In the material below, find every line containing "union" and copy that line.

:: Dataset content ::

lemma openin_pointwise_topology_eval:
  "x \<in> X \<Longrightarrow> openin (order_topology_on X le) V \<Longrightarrow>
    openin (pointwise_topology X le) {g\<in>G. g x \<in> V}"
  unfolding pointwise_topology_def by (rule topology_generated_by_Basis) blast

end

context homogeneous_chain
begin

lemma quot_class_contains_open_nbhd:
  assumes J: "proper_regular_interval X le J" and x: "x \<in> X"
  shows "\<exists>V. openin (order_topology_on X le) V \<and> x \<in> V \<and> V \<subseteq> quot_class J x"
proof -
  have P: "proper_regular_interval X le (quot_class J x)"
    using proper_regular_interval_quot_class[OF J x] .
  then obtain a b where ab: "a \<in> quot_class J x" "b \<in> quot_class J x" "lt a x" "lt x b"
    using proper_regular_interval_unbounded quot_class_self[OF x] by blast
  have "{z\<in>X. lt a z \<and> lt z b} \<subseteq> quot_class J x"
    using regular_interval_convex[OF proper_regular_intervalD(1)[OF P] ab(1,2)] unfolding lt_def by blast
  moreover have "openin (order_topology_on X le) {z\<in>X. lt a z \<and> lt z b}"
    using ab(1,2) quot_class_subset by (intro openin_order_topology_open_interval) blast+
  ultimately show ?thesis using ab(3,4) x by blast
qed

lemma class_stabiliser_contains_nhds:
  assumes J: "proper_regular_interval X le J" and S: "finite S" "S \<subseteq> X"
  shows "\<exists>W\<in>nhds_id_p X le. W \<subseteq> class_stabiliser J S"
proof -
  obtain V where V: "\<forall>x\<in>S. openin (order_topology_on X le) (V x) \<and> x \<in> V x \<and> V x \<subseteq> quot_class J x"
    using bchoice[of S] quot_class_contains_open_nbhd[OF J] S(2) by (metis subsetD)
  define W where "W = (\<Inter>x\<in>S. {g\<in>G. g x \<in> V x}) \<inter> G"
  have "openin (pointwise_topology X le) ((\<Inter>x\<in>S. {g\<in>G. g x \<in> V x}) \<inter> topspace (pointwise_topology X le))"
    using V S(2) by (intro openin_INT[OF S(1)] openin_pointwise_topology_eval) auto
  then have "openin (pointwise_topology X le) W" unfolding W_def topspace_pointwise_topology .
  moreover have "id \<in> W" unfolding W_def using id_Aut V by auto
  moreover have "W \<subseteq> class_stabiliser J S"
  proof
    fix g assume g: "g \<in> W"
    have "g ` quot_class J x = quot_class J x" if x: "x \<in> S" for x
    proof (rule quot_class_image_eq[OF proper_regular_intervalD(1)[OF J]])
      show "g \<in> G" "x \<in> X" using g x S(2) unfolding W_def by blast+
      show "g x \<in> quot_class J x" using g x V unfolding W_def by blast
    qed
    then show "g \<in> class_stabiliser J S" using g unfolding W_def class_stabiliser_def by blast
  qed
  ultimately show ?thesis unfolding nhds_id_p_def using class_stabiliser_def by blast
qed

lemma quot_stabiliser_in_nhds_id_perm:
  assumes "finite S" "S \<subseteq> X"
  shows "quot_stabiliser J S \<in> nhds_id_perm (quot J) (quot_le le)"
proof -
  have "quot_class J ` S \<subseteq> quot J" using assms(2) quot_carrier_iff by blast
  then show ?thesis
    unfolding nhds_id_perm_def quot_stabiliser_def using assms(1)
    by (intro CollectI conjI exI[of _ "quot_class J ` S"]) auto
qed

lemma nhds_id_perm_contains_quot_stabiliser:
  assumes "U \<in> nhds_id_perm (quot J) (quot_le le)"
  obtains S where "finite S" "S \<subseteq> X" "quot_stabiliser J S \<subseteq> U"
proof -
  obtain F where F: "finite F" "F \<subseteq> quot J" "{\<phi>\<in>Aut (quot J) (quot_le le). \<forall>C\<in>F. \<phi> C = C} \<subseteq> U"
    using assms unfolding nhds_id_perm_def by blast
  have "F \<subseteq> quot_class J ` X" using F(2) quot_carrier_iff by blast
  then obtain S where S: "S \<subseteq> X" "finite S" "F = quot_class J ` S"
    using finite_subset_image[OF F(1)] by metis
  then have "quot_stabiliser J S = {\<phi>\<in>Aut (quot J) (quot_le le). \<forall>C\<in>F. \<phi> C = C}"
    unfolding quot_stabiliser_def by blast
  then show ?thesis using that[OF S(2,1)] F(3) by simp
qed

lemma roelcke_precompact_quot:
  assumes RP: "roelcke_precompact G (nhds_id_p X le)" and J: "proper_regular_interval X le J"
  shows "roelcke_precompact (Aut (quot J) (quot_le le)) (nhds_id_perm (quot J) (quot_le le))"
  unfolding roelcke_precompact_iff_covered
proof
  fix U assume "U \<in> nhds_id_perm (quot J) (quot_le le)"
  then obtain S where S: "finite S" "S \<subseteq> X" and SU: "quot_stabiliser J S \<subseteq> U"
    by (rule nhds_id_perm_contains_quot_stabiliser)
  obtain W where W: "W \<in> nhds_id_p X le" "W \<subseteq> class_stabiliser J S"
    using class_stabiliser_contains_nhds[OF J S] by blast
  interpret function_group_hom G "Aut (quot J) (quot_le le)" "induced_aut J"
    using function_group_hom_induced_aut proper_regular_intervalD(1)[OF J] .
  show "roelcke_covered (Aut (quot J) (quot_le le)) U"
  proof (rule roelcke_covered_image)
    show "roelcke_covered G W" using RP W(1) unfolding roelcke_precompact_iff_covered by blast
    show "W \<subseteq> G" using W(1) unfolding nhds_id_p_def by blast
    then show "induced_aut J ` W \<subseteq> U"
      using W(2) SU induced_aut_mem_quot_stabiliser_iff[OF proper_regular_intervalD(1)[OF J] _ S(2)] by blast
  qed
qed

end

context hereditarily_nonsimple_chain
begin

lemma nhds_contains_class_stabiliser:
  assumes "W \<in> nhds_id_p X le"
  obtains J S where "proper_regular_interval X le J" "finite S" "S \<subseteq> X" "class_stabiliser J S \<subseteq> W"
proof -
  obtain W0 where W0: "openin (pointwise_topology X le) W0" "id \<in> W0" "W0 \<subseteq> W"
    using assms unfolding nhds_id_p_def by blast
  have "generate_topology_on
      (insert G {{g\<in>G. g x \<in> V} |x V. x \<in> X \<and> openin (order_topology_on X le) V}) W0"
    using W0(1) unfolding pointwise_topology_def openin_topology_generated_by_iff .
  then have "\<exists>J S. proper_regular_interval X le J \<and> finite S \<and> S \<subseteq> X \<and> class_stabiliser J S \<subseteq> W0"
    using W0(2)
  proof induction
    case Empty
    then show ?case by blast
  next
    case (Int A B)
    then obtain J1 S1 J2 S2 where J1: "proper_regular_interval X le J1" "finite S1" "S1 \<subseteq> X"
        "class_stabiliser J1 S1 \<subseteq> A"
      and J2: "proper_regular_interval X le J2" "finite S2" "S2 \<subseteq> X" "class_stabiliser J2 S2 \<subseteq> B"
      by (meson IntD1 IntD2)
    obtain K where "proper_regular_interval X le K"
      "class_stabiliser K (S1 \<union> S2) \<subseteq> class_stabiliser J1 S1 \<inter> class_stabiliser J2 S2"
      using class_stabiliser_common_refinement[OF J1(1) J2(1) J1(3) J2(3)] .
    moreover have "finite (S1 \<union> S2)" "S1 \<union> S2 \<subseteq> X" using J1(2,3) J2(2,3) by auto
    ultimately show ?case using J1(4) J2(4) by blast
  next
    case (UN K)
    then obtain k where k: "k \<in> K" "id \<in> k" by blast
    then obtain J S where "proper_regular_interval X le J" "finite S" "S \<subseteq> X" "class_stabiliser J S \<subseteq> k"
      using UN.IH by meson
    then show ?case using k(1) by blast
  next
    case (Basis s)
    then show ?case by (rule subbasic_contains_class_stabiliser)
  qed
  then show ?thesis using that W0(3) by blast
qed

:::

### Response area
      "class_stabiliser K (S1 \<union> S2) \<subseteq> class_stabiliser J1 S1 \<inter> class_stabiliser J2 S2"
    moreover have "finite (S1 \<union> S2)" "S1 \<union> S2 \<subseteq> X" using J1(2,3) J2(2,3) by auto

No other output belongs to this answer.